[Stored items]

---------------

theorem mainTheorem10:
  fixes Im Ip I1 I2 a \<delta> C \<epsilon>1 :: real
    and \<omega> \<omega>' f f' g g' :: "real \<Rightarrow> real"
    and Teps :: "real \<Rightarrow> real \<times> real \<Rightarrow> real \<times> real"
    and DTeps :: "real \<Rightarrow> real \<times> real \<Rightarrow> (real \<times> real) \<Rightarrow>\<^sub>L (real \<times> real)"
  assumes omega_deriv: "\<And>I. I \<in> {Im..Ip} \<Longrightarrow> (\<omega> has_real_derivative \<omega>' I) (at I within {Im..Ip})"
    and omega'_cont: "continuous_on {Im..Ip} \<omega>'"
    and twist_cond: "\<And>I. I \<in> {Im..Ip} \<Longrightarrow> \<omega>' I > 0"
    and eps1_pos: "\<epsilon>1 > 0"
    and T_periodic: "\<And>\<epsilon> I \<theta>. \<epsilon> \<in> {0<..<\<epsilon>1} \<Longrightarrow> I \<in> {Im..Ip} \<Longrightarrow>
                       Teps \<epsilon> (I, \<theta> + 1) = Teps \<epsilon> (I, \<theta>) + (0, 1)"
    and T_deriv: "\<And>\<epsilon> x. \<epsilon> \<in> {0<..<\<epsilon>1} \<Longrightarrow> x \<in> {Im..Ip} \<times> UNIV \<Longrightarrow>
                       (Teps \<epsilon> has_derivative blinfun_apply (DTeps \<epsilon> x)) (at x within {Im..Ip} \<times> UNIV)"
    and T_deriv_cont: "\<And>\<epsilon>. \<epsilon> \<in> {0<..<\<epsilon>1} \<Longrightarrow> continuous_on ({Im..Ip} \<times> UNIV) (DTeps \<epsilon>)"
    and C0_close: "\<And>\<epsilon> x. \<epsilon> \<in> {0<..<\<epsilon>1} \<Longrightarrow> x \<in> {Im..Ip} \<times> UNIV \<Longrightarrow>
                       norm (Teps \<epsilon> x - twist \<omega> x) \<le> C * \<epsilon>"
    and C1_close: "\<And>\<epsilon> x. \<epsilon> \<in> {0<..<\<epsilon>1} \<Longrightarrow> x \<in> {Im..Ip} \<times> UNIV \<Longrightarrow>
                       norm (DTeps \<epsilon> x - twist_deriv \<omega>' x) \<le> C * \<epsilon>"
    and interval: "{I1<..<I2} \<subseteq> {Im..Ip}"
    and f_deriv: "\<And>I. I \<in> {I1<..<I2} \<Longrightarrow> (f has_real_derivative f' I) (at I)"
    and f'_cont: "continuous_on {I1<..<I2} f'"
    and g_deriv: "\<And>I. I \<in> {I1<..<I2} \<Longrightarrow> (g has_real_derivative g' I) (at I)"
    and g'_cont: "continuous_on {I1<..<I2} g'"
    and a_in: "a \<in> {I1<..<I2}"
    and delta_pos: "\<delta> > 0"
  shows "\<exists>\<epsilon>0 > 0. \<epsilon>0 \<le> \<epsilon>1 \<and> (\<exists>N::nat. \<exists>b \<in> {I1<..<I2}. \<exists>\<delta>' > 0.
           \<forall>\<epsilon> \<in> {0<..<\<epsilon>0}. \<forall>z \<in> cyl_ball (b, g b) \<delta>'.
             \<exists>y \<in> cyl_ball (a, f a) \<delta>.
               (\<forall>k < N. fst ((Teps \<epsilon> ^^ k) y) \<in> {Im..Ip}) \<and>
               cyl_eq ((Teps \<epsilon> ^^ N) y) z)"
proof -
  have Icc_sub: "{I1..I2} \<subseteq> {Im..Ip}"
    using closure_mono[OF interval] a_in by simp
  obtain M where "M > 0"
    and lip: "\<And>x y. x \<in> {Im..Ip} \<Longrightarrow> y \<in> {Im..Ip} \<Longrightarrow> \<bar>\<omega> x - \<omega> y\<bar> \<le> M * \<bar>x - y\<bar>"
    using bounded_derivative_lipschitz_on_Icc[OF omega_deriv omega'_cont] by blast
  have cont_\<omega>: "continuous_on {Im..Ip} \<omega>"
    using omega_deriv DERIV_continuous continuous_on_eq_continuous_within by metis
  have "C \<ge> 0"
  proof -
    have "(a, 0) \<in> {Im..Ip} \<times> UNIV" using a_in interval by auto
    then have "norm (Teps (\<epsilon>1 / 2) (a, 0) - twist \<omega> (a, 0)) \<le> C * (\<epsilon>1 / 2)"
      using C0_close[of "\<epsilon>1 / 2"] eps1_pos by simp
    then have "0 \<le> C * (\<epsilon>1 / 2)" using norm_ge_zero order_trans by blast
    then show ?thesis using eps1_pos by (simp add: zero_le_mult_iff)
  qed
  define s where "s = min (min ((a - I1) / 4) ((I2 - a) / 4)) (\<delta> / 4)"
  have s: "0 < s" "4 * s \<le> a - I1" "4 * s \<le> I2 - a" "4 * s \<le> \<delta>"
    using a_in delta_pos by (auto simp: s_def min_def)
  have strip: "{a..a + s} \<subseteq> {I1<..<I2}" using s by auto
  have "\<omega> a < \<omega> (a + s)"
    by (rule pos_derivative_imp_less[OF _ _ omega_deriv twist_cond])
      (use s subset_trans[OF strip interval] in auto)
  moreover have "continuous_on {a..a + s} \<omega>"
    using cont_\<omega> strip interval by (blast intro: continuous_on_subset)
  moreover have "continuous_on {a..a + s} g"
    using strip g_deriv by (blast intro: continuous_at_imp_continuous_on DERIV_isCont)
  ultimately obtain N b v where b: "b \<in> {a..a + s}" and gb: "g b = f a + of_int v + real N * \<omega> b"
    using twist_funpow_reaches_graph[of a "a + s" \<omega> g "f a"] s by auto
  have twist_hits: "(twist \<omega> ^^ N) (b, f a + of_int v) = (b, g b)"
    by (simp add: twist_funpow gb)
  have ball_sub: "cyl_ball (b, f a + of_int v) (2 * s) \<subseteq> cyl_ball (a, f a) \<delta>"
    using cyl_ball_shift_subset[of "(a, f a)" "(b, f a)" "2 * s" \<delta> v] b s
    by (simp add: dist_Pair_Pair dist_real_def)
  define P where "P = 2 + real N * M"
  define Q where "Q = P * (real N * (2 + M) ^ N) * C"
  define \<epsilon>0 where "\<epsilon>0 = min \<epsilon>1 (s / (Q + 1))"
  have "P \<ge> 2" "Q \<ge> 0" using \<open>M > 0\<close> \<open>C \<ge> 0\<close> by (simp_all add: P_def Q_def)
  have "\<exists>y \<in> cyl_ball (a, f a) \<delta>. (\<forall>k < N. fst ((Teps \<epsilon> ^^ k) y) \<in> {Im..Ip}) \<and> cyl_eq ((Teps \<epsilon> ^^ N) y) z"
    if \<epsilon>: "\<epsilon> \<in> {0<..<\<epsilon>0}" and z: "z \<in> cyl_ball (b, g b) (s / P)" for \<epsilon> z
  proof -
    have \<epsilon>1: "\<epsilon> \<in> {0<..<\<epsilon>1}" using \<epsilon> by (simp add: \<epsilon>0_def)
    have \<epsilon>_small: "\<epsilon> * (Q + 1) < s" using \<epsilon> \<open>Q \<ge> 0\<close> by (simp add: \<epsilon>0_def pos_less_divide_eq)
    have "\<exists>y \<in> cyl_ball (b, f a + of_int v) (2 * s).
        (\<forall>k<N. fst ((Teps \<epsilon> ^^ k) y) \<in> {I1..I2}) \<and> cyl_eq ((Teps \<epsilon> ^^ N) y) z"
    proof (rule perturbed_twist_funpow_covers_cyl_ball)
      show "continuous_on {I1..I2} \<omega>" using cont_\<omega> Icc_sub by (rule continuous_on_subset)
      show "continuous_on ({I1..I2} \<times> UNIV) (Teps \<epsilon>)"
        using has_derivative_continuous_on[OF T_deriv[OF \<epsilon>1]]
        by (rule continuous_on_subset) (use Icc_sub in auto)
      show "norm (Teps \<epsilon> x - twist \<omega> x) \<le> C * \<epsilon>" if "fst x \<in> {I1..I2}" for x
        using C0_close[OF \<epsilon>1, of x] that Icc_sub by (auto simp: mem_Times_iff)
      show "\<bar>\<omega> x - \<omega> y\<bar> \<le> M * \<bar>x - y\<bar>" if "x \<in> {I1..I2}" "y \<in> {I1..I2}" for x y
        using lip that Icc_sub by blast
      show "(2 + real N * M) * (C * \<epsilon> * real N * (2 + M) ^ N) \<le> s"
        using \<epsilon>_small \<epsilon> by (simp add: P_def Q_def algebra_simps)
      show "(2 + real N * M) * (s / P) \<le> s"
        using \<open>P \<ge> 2\<close> by (simp add: P_def)
      show "z \<in> cyl_ball ((twist \<omega> ^^ N) (b, f a + of_int v)) (s / P)"
        using z twist_hits by simp
    qed (use \<open>M > 0\<close> \<open>C \<ge> 0\<close> \<epsilon> b s in auto)
    then show ?thesis using ball_sub Icc_sub by blast
  qed
  moreover have "\<epsilon>0 > 0" "s / P > 0" "b \<in> {I1<..<I2}"
    using s \<open>P \<ge> 2\<close> \<open>Q \<ge> 0\<close> eps1_pos b strip by (auto simp: \<epsilon>0_def)
  ultimately show ?thesis
    by (intro exI[of _ \<epsilon>0] conjI exI[of _ N] bexI[of _ b] exI[of _ "s / P"]) (auto simp: \<epsilon>0_def)
qed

---------------

> [Your instructions]: Check each line above for the string "moreover" and copy those that have it.

> [Solution to the problem]:
  moreover have "continuous_on {a..a + s} \<omega>"
  moreover have "continuous_on {a..a + s} g"
  moreover have "\<epsilon>0 > 0" "s / P > 0" "b \<in> {I1<..<I2}"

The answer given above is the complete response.